Good / bad? I shoot for a bar here and have been using a Canon Nifty Fifty 1.8 II, Tamron 18-270 Di-II VC and a 28-90 USM III. The 28-90 came with a 35mm EOS Elan 7e and the AF is pretty good in low light, much better than my Tamron and Nifty Fifty. I love the range on my Tamron and it's a pretty sharp lens but it blows big chunky nuts in low light a lot of times I just manually focus. The Nifty Fifty is great for bokeh and shots without flash. the 28-90 is ridiculously good in low light for some reason and I honestly can't tell the differences and the same F-stops between the three. I shoot on a gripped Rebel XTi with a Focal DA-2000 hotshot-mount flash (came with an EOS 650 for free) the whole setup gets the job done quite well.

So, good or bad?
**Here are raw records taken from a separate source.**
lemma integrable_Omega_slice:
  "integrable (\<Pi>\<^sub>M j\<in>{1..2 * k}. lborel) (\<lambda>y. indicator (Omega k a) (alt_param k t y) :: real)"
proof (rule integrable_PiM_prod_bound[where h = "indicator {0..a}" and C = 1])
  show "(\<lambda>y. indicator (Omega k a) (alt_param k t y) :: real) \<in> borel_measurable (\<Pi>\<^sub>M j\<in>{1..2 * k}. lborel)"
    using measurable_alt_param by measurable
  fix y
  show "norm (indicator (Omega k a) (alt_param k t y) :: real) \<le> 1 * (\<Prod>j\<in>{1..2 * k}. indicator {0..a} (y j))"
  proof (cases "alt_param k t y \<in> Omega k a")
    case True
    then have "y j \<in> {0..a}" if "j \<in> {1..2 * k}" for j
      using Omega_bounds(1)[OF True, of j] that by (auto simp: alt_param_def)
    then show ?thesis by (simp add: indicator_def)
  qed (simp add: prod_nonneg)
qed (auto simp: integrable_indicator_iff emeasure_lborel_Icc_eq)

lemma kernel_opnorm_le:
  assumes c: "\<And>s. s \<in> {0..a} \<Longrightarrow> opnorm (w s) \<le> c"
  shows "opnorm (kernel a w k t) \<le> c ^ (2 * k + 1) * slice_volume a k t"
proof -
  have c_nonneg: "0 \<le> c" if "x \<in> Omega k a" for x
    using c[of "x 0"] Omega_bounds(1)[OF that, of 0] opnorm_nonneg order_trans by blast
  have "opnorm (indicator (Omega k a) x *\<^sub>R vprod w k x) \<le> c ^ (2 * k + 1) * indicator (Omega k a) x" for x
  proof (cases "x \<in> Omega k a")
    case True
    have "opnorm (vprod w k x) \<le> (\<Prod>j\<le>2 * k. opnorm (w (x j)))" by (rule vprod_opnorm_le)
    also have "\<dots> \<le> (\<Prod>j\<le>2 * k. c)"
      using Omega_bounds(1)[OF True] by (intro prod_mono) (auto simp: opnorm_nonneg c)
    finally show ?thesis using True by simp
  qed simp
  then have integral_bound: "opnorm (LINT y|(\<Pi>\<^sub>M j\<in>{1..2 * k}. lborel). indicator (Omega k a) (alt_param k t y) *\<^sub>R vprod w k (alt_param k t y))
      \<le> c ^ (2 * k + 1) * slice_volume a k t"
    unfolding slice_volume_def
    by (subst integral_mult_right_zero[symmetric]) (intro opnorm_integral_le integrable_mult_right integrable_Omega_slice)
  have "opnorm (kernel a w k t) \<le> cmod ((-1) ^ (k + 1) * \<i>)
      * opnorm (LINT y|(\<Pi>\<^sub>M j\<in>{1..2 * k}. lborel). indicator (Omega k a) (alt_param k t y) *\<^sub>R vprod w k (alt_param k t y))"
    unfolding kernel_def by (rule opnorm_smat_le)
  then show ?thesis
    using integral_bound by (simp add: norm_mult norm_power)
qed

lemma vhat_eq_indicator: "vhat a x = indicator {0..a} x *\<^sub>R (\<chi> i j. \<i>)"
  by (simp add: vhat_def)

lemma borel_measurable_vhat: "vhat a \<in> borel_measurable lborel"
  unfolding vhat_eq_indicator[abs_def] by measurable

lemma integrable_norm_vhat: "integrable lborel (\<lambda>x. norm (vhat a x))"
proof -
  have "norm (\<chi> (i::1) (j::1). \<i>) = 1"
    by (simp add: norm_vec_def L2_set_def UNIV_1)
  then have "(\<lambda>x. norm (vhat a x)) = indicator {0..a}"
    by (auto simp: vhat_eq_indicator indicator_def)
  then show ?thesis by (simp add: integrable_indicator_iff emeasure_lborel_Icc_eq)
qed

lemma vprod_vhat:
  assumes "\<And>j. j \<le> 2 * k \<Longrightarrow> x j \<in> {0..a}"
  shows "vprod (vhat a) k x = (\<chi> i j. - \<i>)"
  using assms by (induction k) (auto simp: vhat_def cadj_def vec_eq_iff matrix_matrix_mult_def UNIV_1)

lemma kernel_vhat: "(-1) ^ (k + 1) * kernel a (vhat a) k t $ 1 $ 1 = complex_of_real (slice_volume a k t)"
proof -
  have integrand: "indicator (Omega k a) x *\<^sub>R vprod (vhat a) k x = indicator (Omega k a) x *\<^sub>R (\<chi> i j. - \<i>)" for x
    using Omega_bounds(1)[of x k a] by (cases "x \<in> Omega k a") (simp_all add: vprod_vhat)
  have "kernel a (vhat a) k t = smat ((-1) ^ (k + 1) * \<i>) (slice_volume a k t *\<^sub>R (\<chi> i j. - \<i>))"
    unfolding kernel_def slice_volume_def integrand by (subst integral_scaleR_left[OF integrable_Omega_slice]) (rule refl)
  then have "kernel a (vhat a) k t $ 1 $ 1 = (-1) ^ (k + 1) * complex_of_real (slice_volume a k t)"
    by (simp add: smat_def) (simp add: scaleR_conv_of_real mult_ac)
  moreover have "((-1) ^ (k + 1) * (-1) ^ (k + 1) :: complex) = 1"
    by (simp flip: power_mult_distrib)
  ultimately show ?thesis
    by (simp only: mult.assoc[symmetric]) simp
qed

lemma kernel_opnorm_le_scalar_model:
  assumes Ahat: "represents k a (vhat a) Ahat" and c: "\<And>s. s \<in> {0..a} \<Longrightarrow> opnorm (w s) \<le> c"
  shows "AE t in lborel. t \<in> {0<..<real (k + 1) * a} \<longrightarrow>
    (let f = (-1) ^ (k + 1) * (Ahat t $ 1 $ 1) in f \<in> \<real> \<and> opnorm (kernel a w k t) \<le> c ^ (2 * k + 1) * Re f)"
proof -
  have "AE t in lborel. t \<in> {0<..<real (k + 1) * a} \<longrightarrow> Ahat t = kernel a (vhat a) k t"
    using represents_kernel[OF borel_measurable_vhat integrable_norm_vhat refl] Ahat by (rule represents_unique)
  then show ?thesis
  proof (rule eventually_mono, intro impI)
    fix t assume "t \<in> {0<..<real (k + 1) * a} \<longrightarrow> Ahat t = kernel a (vhat a) k t"
      and "t \<in> {0<..<real (k + 1) * a}"
    then have "(-1) ^ (k + 1) * (Ahat t $ 1 $ 1) = complex_of_real (slice_volume a k t)"
      using kernel_vhat[where a = a and k = k and t = t] by simp
    then show "let f = (-1) ^ (k + 1) * (Ahat t $ 1 $ 1) in
        f \<in> \<real> \<and> opnorm (kernel a w k t) \<le> c ^ (2 * k + 1) * Re f"
      using kernel_opnorm_le[OF c, where k = k and t = t] by (simp only: Let_def) simp
  qed
qed

lemma
  fixes v :: "real \<Rightarrow> 'b::{real_normed_vector, second_countable_topology}"
  assumes a: "0 \<le> a" and v_meas: "set_borel_measurable lborel {0<..} v"
    and v_L2: "set_integrable lborel {0<..} (\<lambda>x. (norm (v x))\<^sup>2)"
  shows borel_measurable_restrict_Icc: "(\<lambda>t. indicator {0..a} t *\<^sub>R v t) \<in> borel_measurable lborel"
    and integrable_norm_restrict_Icc: "integrable lborel (\<lambda>t. norm (indicator {0..a} t *\<^sub>R v t))"
proof -
  \<comment> \<open>\<open>v\<close> is only known to be measurable on \<open>{0<..}\<close>; its value at \<open>0\<close> is added separately.\<close>
  have [measurable]: "(\<lambda>t. indicator {0<..} t *\<^sub>R v t) \<in> borel_measurable borel"
    using v_meas unfolding set_borel_measurable_def by simp
  have "(\<lambda>t. indicator {0..a} t *\<^sub>R v t) = (\<lambda>t. indicator {0..a} t *\<^sub>R (indicator {0<..} t *\<^sub>R v t) + indicator {0} t *\<^sub>R v 0)"
    using a by (auto simp: fun_eq_iff indicator_def)
  then show meas: "(\<lambda>t. indicator {0..a} t *\<^sub>R v t) \<in> borel_measurable lborel"
    by (simp only:) measurable
  show "integrable lborel (\<lambda>t. norm (indicator {0..a} t *\<^sub>R v t))"
  proof (rule Bochner_Integration.integrable_bound)
    show "integrable lborel (\<lambda>t. indicator {0..a} t + indicator {0<..} t * (norm (v t))\<^sup>2 :: real)"
      using v_L2 unfolding set_integrable_def
      by (intro Bochner_Integration.integrable_add) (auto simp: integrable_indicator_iff emeasure_lborel_Icc_eq)
    have le_sq: "norm (v t) \<le> 1 + (norm (v t))\<^sup>2" for t
      using zero_le_power2[of "norm (v t) - 1"] by (simp add: power2_diff) (use norm_ge_zero[of "v t"] in linarith)
    show "AE t in lborel. norm (norm (indicator {0..a} t *\<^sub>R v t))
        \<le> norm (indicator {0..a} t + indicator {0<..} t * (norm (v t))\<^sup>2 :: real)"
      using AE_lborel_singleton[of 0] by eventually_elim (use le_sq in \<open>auto simp: indicator_def\<close>)
  qed (use meas in measurable)
qed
Feel free to post your setups I know we got a few bar photographers here.


----------



## j-dogg (Jan 6, 2011)

Hahahahaha I knew someone would say it.


----------



## j-dogg (Jan 6, 2011)

Actually getting paid doing this is totally new stuff for me and from the 3 or 4 times I've been shooting this bar I have gotten a LOT of contacts, enough to warrant making business cards, just want to ask the proverbial question "Amidoinitrite?"


----------



## j-dogg (Jan 6, 2011)

Only because you asked for it.




















One of these drunk people owns the camera that took this picture. The Indian guy next to him owns the bar. I barely remember these being taken but I would have had to have a LOT to let someone else play with my toys. :mrgreen:


















These are all Tamron shots, batch processed nothing fancy. All of the 28-90 USM shots I took tonight look a little better than these, I still have to practice my flash exposure a little bit but I'm getting there. Tonight's shots look pretty decent.


----------



## Biggs88 (Jan 9, 2011)

Direct flash and lack of compostion ruined the shots. . . .


----------



## Jessielee13 (Jan 9, 2011)

They kinda seem like the shots I took in the bar when I was 19 and going there. They seem like snap shots just my 0.02cents


----------



## orljustin (Jan 9, 2011)

Yeah, those are just snaps.  And, you should be shooting wide open to hide that ugly background.


----------



## BKMOOD (Jan 9, 2011)

Are you using any type of light modification?  It looks like direct flash.  Just curious.


----------